Work instructions.
Return every line of the entries that includes the word "shows".
* * * *
text \<open>
  Every codeword c of the cyclic code generated by g = (x - a)^2 (x - s) (x - t), where
  {a, s, t} = {1, -1, \<omega>}, satisfies c(1) = c(-1) = c(\<omega>) = 0 and c'(a) = 0. Cyclic shifts
  preserve the code and the pair weight, so a codeword of pair weight at most 5 < n can be
  shifted to have constant coefficient 0; its pair weight is then the size of T \<union> (T - 1)
  for its support T, which forces one of three shapes. A support inside four consecutive
  positions b, ..., b + 3 makes c the product of x^b and a multiple of g of degree below 4,
  hence zero. A support {u, v} gives z^(v - u) = 1 at all three roots, and the condition at
  the double root gives p dvd v - u, so n dvd v - u, which is impossible. A support
  {s', t, t + 1} contradicts the evaluations at 1 and -1 because 2 is invertible. The generator
  itself has pair weight 6, and the code has p^(n - 4) words, which is the MDS bound for d_p = 6.
\<close>

section \<open>Symbol-pair weight and cyclic codes\<close>

lemma card_polys_degree_less:
  assumes "0 < k"
  shows "card {c :: 'a::{zero,finite} poly. degree c < k} = CARD('a) ^ k"
proof -
  have "bij_betw Poly {xs :: 'a list. length xs = k} {c. degree c < k}"
  proof (rule bij_betw_byWitness[where f' = "\<lambda>c. map (coeff c) [0..<k]"])
    show "\<forall>xs\<in>{xs. length xs = k}. map (coeff (Poly xs)) [0..<k] = xs"
      by (simp add: list_eq_iff_nth_eq nth_default_nth)
    show "\<forall>c\<in>{c. degree c < k}. Poly (map (coeff c) [0..<k]) = c"
      by (auto intro!: poly_eqI simp: nth_default_def coeff_eq_0)
    have "degree (Poly xs) < k" if "length xs = k" for xs :: "'a list"
    proof -
      have "degree (Poly xs) \<le> k - 1"
        using that by (intro degree_le) (auto simp: nth_default_def)
      then show ?thesis
        using assms by simp
    qed
    then show "Poly ` {xs :: 'a list. length xs = k} \<subseteq> {c. degree c < k}"
      by blast
  qed auto
  then have "card {c :: 'a poly. degree c < k} = card {xs :: 'a list. length xs = k}"
    by (simp add: bij_betw_same_card)
  also have "\<dots> = CARD('a) ^ k"
    using card_lists_length_eq[of "UNIV :: 'a set" k] by simp
  finally show ?thesis .
qed

lemma pair_dist_eq_pair_weight_diff:
  fixes x y :: "'a::ab_group_add poly"
  shows "pair_dist n x y = pair_weight n (x - y)"
  by (simp add: pair_dist_def pair_weight_def)

lemma pair_dist_le: "pair_dist n x y \<le> n"
  unfolding pair_dist_def by (rule card_mono[of "{..<n}", simplified]) auto

lemma min_pair_dist_eqI:
  assumes "\<And>x y. x \<in> C \<Longrightarrow> y \<in> C \<Longrightarrow> x \<noteq> y \<Longrightarrow> d \<le> pair_dist n x y"
    and "x \<in> C" and "y \<in> C" and "x \<noteq> y" and "pair_dist n x y = d"
  shows "min_pair_dist n C = d"
  unfolding min_pair_dist_def
proof (rule Min_eqI)
  show "finite {pair_dist n x y |x y. x \<in> C \<and> y \<in> C \<and> x \<noteq> y}"
    by (rule finite_subset[of _ "{..n}"]) (auto simp: pair_dist_le)
qed (use assms in blast)+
* * * *
Result for this task.
  shows "card {c :: 'a::{zero,finite} poly. degree c < k} = CARD('a) ^ k"
  shows "pair_dist n x y = pair_weight n (x - y)"
  shows "min_pair_dist n C = d"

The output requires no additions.